Here is the code that i am currently using:

#include<iostream>
#include"huffmanNode.h"

using namespace std;

    int main(){

    //create array that stores each character and it's frequency
    unsigned int frequencies[255];
    //initialize to zero
    for(int i=0; i<255; i++){
        frequencies[i] = 0;
    }

    //get input and increment the frequency of corresponding character
    char c;
    while(!cin.eof()){
        cin.get(c);
        frequencies[c]++;
    }

    //create initial leafe nodes for all characters that have appeared at least once
    for(int i=0; i<255; i++){

        if(frequencies[i] != 0){
            huffmanNode* tempNode = new huffmanNode(i, frequencies[i]);
        }
    }


    // test readout of the frequency list
    for(int i=0; i<255; i++){
        cout << "Character: " << (char)i << " Frequency: " << frequencies[i] << endl;;
    }

    //go back to beginning of input
    cin.seekg(ios::beg);

    //read over input again, incrementing frequencies. Should result in double the amount of frequencies
 **THIS IS WHERE IT LOOPS FOREVER**
    while(!cin.eof()){
        cin.get(c);
        frequencies[c]++;
    }

    //another test readout of the frequency list
    for(int i=0; i<255; i++){
        cout << "Character: " << (char)i << " Double Frequency: " << frequencies[i] << endl;
    }


    return 0;
}

Debugging shows that it gets stuck in the while loop on line 40, and it seems to constantly be getting a newline character. Why would it not exit this loop? I assume that cin.seekg() is not actually resetting the input.

Answer

James Kanze picture James Kanze · Jul 27, 2013

There are several problems with your code. The first is that you use the results of an input (cin.get( c )) without checking that the input has succeeded. This is always an error; in your case, it will probably only result in counting (and later outputting) the last character twice, but it can result in undefined behavior. You must check that the input stream is in a good state after each input, before using the value input. The usual way of doint this is:

while ( cin.get( c ) ) // ...

, putting the input directly in the loop condition.
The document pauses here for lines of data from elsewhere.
definition sign_vectors :: "'b set \<Rightarrow> ('b \<Rightarrow> real) set" where
  "sign_vectors K = PiE K (\<lambda>_. {-1, 1})"

lemma finite_sign_vectors: "finite K \<Longrightarrow> finite (sign_vectors K)"
  by (simp add: sign_vectors_def finite_PiE)

lemma sign_vectors_nonempty: "sign_vectors K \<noteq> {}"
  by (simp add: sign_vectors_def PiE_eq_empty_iff)

lemma sum_sign_vectors_flip_eq_0:
  fixes f :: "('b \<Rightarrow> real) \<Rightarrow> real"
  assumes "a \<in> K" and odd: "\<And>\<epsilon>. \<epsilon> \<in> sign_vectors K \<Longrightarrow> f (\<epsilon>(a := - \<epsilon> a)) = - f \<epsilon>"
  shows "(\<Sum>\<epsilon>\<in>sign_vectors K. f \<epsilon>) = 0"
proof (rule sum_involution_eq_0[where h = "\<lambda>\<epsilon>. \<epsilon>(a := - \<epsilon> a)"])
  fix \<epsilon> assume \<epsilon>: "\<epsilon> \<in> sign_vectors K"
  then have "\<epsilon> a \<in> {-1, 1}"
    using \<open>a \<in> K\<close> by (auto simp: sign_vectors_def)
  with \<epsilon> \<open>a \<in> K\<close> show "\<epsilon>(a := - \<epsilon> a) \<in> sign_vectors K" "\<epsilon>(a := - \<epsilon> a) \<noteq> \<epsilon>"
    by (auto simp: sign_vectors_def PiE_iff extensional_def fun_eq_iff)
  show "f (\<epsilon>(a := - \<epsilon> a)) + f \<epsilon> = 0" "(\<epsilon>(a := - \<epsilon> a))(a := - (\<epsilon>(a := - \<epsilon> a)) a) = \<epsilon>"
    using odd[OF \<epsilon>] by auto
qed

lemma sum_sign_vectors_coord:
  "a \<in> K \<Longrightarrow> (\<Sum>\<epsilon>\<in>sign_vectors K. \<epsilon> a) = 0"
  by (rule sum_sign_vectors_flip_eq_0) auto

lemma sum_sign_vectors_coord_mult:
  assumes "a \<in> K" "b \<in> K"
  shows "(\<Sum>\<epsilon>\<in>sign_vectors K. \<epsilon> a * \<epsilon> b) =
    (if a = b then real (card (sign_vectors K)) else 0)"
proof (cases "a = b")
  case True
  have "\<epsilon> a * \<epsilon> b = 1" if "\<epsilon> \<in> sign_vectors K" for \<epsilon>
    using that \<open>a \<in> K\<close> True by (auto simp: sign_vectors_def intro: spin_mult_self)
  then show ?thesis
    using True by simp
next
  case False
  then show ?thesis
    by (simp add: sum_sign_vectors_flip_eq_0[OF \<open>a \<in> K\<close>])
qed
The second is the statement:

cin.seekg( std::ios::beg );

I'm actually sort of surprised that this even compiled: there are two overloads of seekg:

std::istream::seekg( std::streampos );

and

std::istream::seekg( std::streamoff, std::ios_base::seekdir );

std::ios::beg has type std::ios_base::seekdir. It's possible for an impementation to define std::streampos and std::ios_base::seekdir in a way so that there is an implicit conversion from std::ios_base::seekdir to std::streampos, but in my opinion, it shouldn't, since the results will almost certainly not be what you want. To seek to the beginning of a file:

std::cin.seekg( 0, std::ios_base::beg );

A third problem: errors in the input stream are sticky. Once you've reached the end of file, that error will remain, and all other operations will be no-ops, until you have cleared the error: std::cin.clear();.
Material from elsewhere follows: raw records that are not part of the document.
definition edge_dest :: "(nat \<Rightarrow> int ^ 'n) \<Rightarrow> ((int ^ 'n) \<times> nat) \<Rightarrow> int ^ 'n" where
  "edge_dest a e = fst e + a (snd e)"

definition graph_elem :: "(int ^ 'n \<Rightarrow> 'y::ab_group_add \<Rightarrow> 'y) \<Rightarrow> (nat \<Rightarrow> 'y) \<Rightarrow>
    (nat \<Rightarrow> int ^ 'n) \<Rightarrow> ((int ^ 'n) \<times> nat) list \<Rightarrow> 'y \<times> (int ^ 'n)" where
  "graph_elem act y a E =
     ((\<Sum>e\<leftarrow>E. act (fst e) (y (snd e))), (\<Sum>e\<leftarrow>E. a (snd e)))"

definition full_image :: "nat \<Rightarrow> ((int ^ 'n) \<times> nat) list \<Rightarrow> bool" where
  "full_image K E \<longleftrightarrow> (\<forall>i \<in> {1..K}. \<exists>e \<in> set E. snd e = i)"

definition eulerian :: "(nat \<Rightarrow> int ^ 'n) \<Rightarrow> ((int ^ 'n) \<times> nat) list \<Rightarrow> bool" where
  "eulerian a E \<longleftrightarrow> E \<noteq> [] \<and>
     (\<exists>c. mset c = mset E \<and>
          (\<forall>j < length c. edge_dest a (c ! j) = fst (c ! ((j + 1) mod length c))))"

end

theory Submission
  imports Defs
begin

text \<open>Both conditions are equivalent to the existence of a word in the generators that uses every
  generator and evaluates to the neutral element.  The walk in \<open>\<int>\<^sup>n\<close> traced by a word
  represents the word's value translated by the starting vertex, and it closes up into an Euler
  circuit exactly when the translation parts sum to zero; conversely, reading the labels along an
  Euler circuit gives a word.  If the semigroup is a group, concatenating each generator with a word
  for its inverse gives the required word; conversely, since a right inverse in the semidirect
  product is also a left inverse, every cyclic rotation of such a word evaluates to the neutral
  element, which exhibits an inverse of each generator inside the semigroup.\<close>

lemma laurent_module_act_0_left: "laurent_module act \<Longrightarrow> act 0 x = x"
  unfolding laurent_module_def by blast

lemma laurent_module_act_add_left: "laurent_module act \<Longrightarrow> act (p + q) x = act p (act q x)"
  unfolding laurent_module_def by blast

lemma laurent_module_act_add_right: "laurent_module act \<Longrightarrow> act p (u + v) = act p u + act p v"
  unfolding laurent_module_def by blast

lemma laurent_module_act_0_right: "laurent_module act \<Longrightarrow> act p 0 = 0"
  by (metis laurent_module_act_add_right add_0 add_left_imp_eq add_0_right)

lemma laurent_module_act_eq_0_iff: "laurent_module act \<Longrightarrow> act p x = 0 \<longleftrightarrow> x = 0"
  by (metis laurent_module_act_0_right laurent_module_act_add_left laurent_module_act_0_left
      add.left_inverse)

lemmas laurent_module_simps = laurent_module_act_0_left laurent_module_act_add_left
  laurent_module_act_add_right laurent_module_act_0_right

subsection \<open>The semidirect product\<close>

lemma sdp_mult_assoc: "laurent_module act \<Longrightarrow>
  sdp_mult act (sdp_mult act x y) z = sdp_mult act x (sdp_mult act y z)"
  unfolding sdp_mult_def by (simp add: laurent_module_simps add.assoc)

lemma sdp_mult_0_left: "laurent_module act \<Longrightarrow> sdp_mult act (0, 0) x = x"
  unfolding sdp_mult_def by (simp add: laurent_module_simps)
One final comment: the fact that you are using std::cin worries me. It will probably work (although there is no guarantee that you can seek on std::cin, even if the input is redirected from a file), but do be aware that there is no way you can output the results of a huffman encoding to std::cout. It will work under Unix, but probably no where else. Huffman encoding requires that the files be open in binary mode, which is never the case for std::cin and std::cout.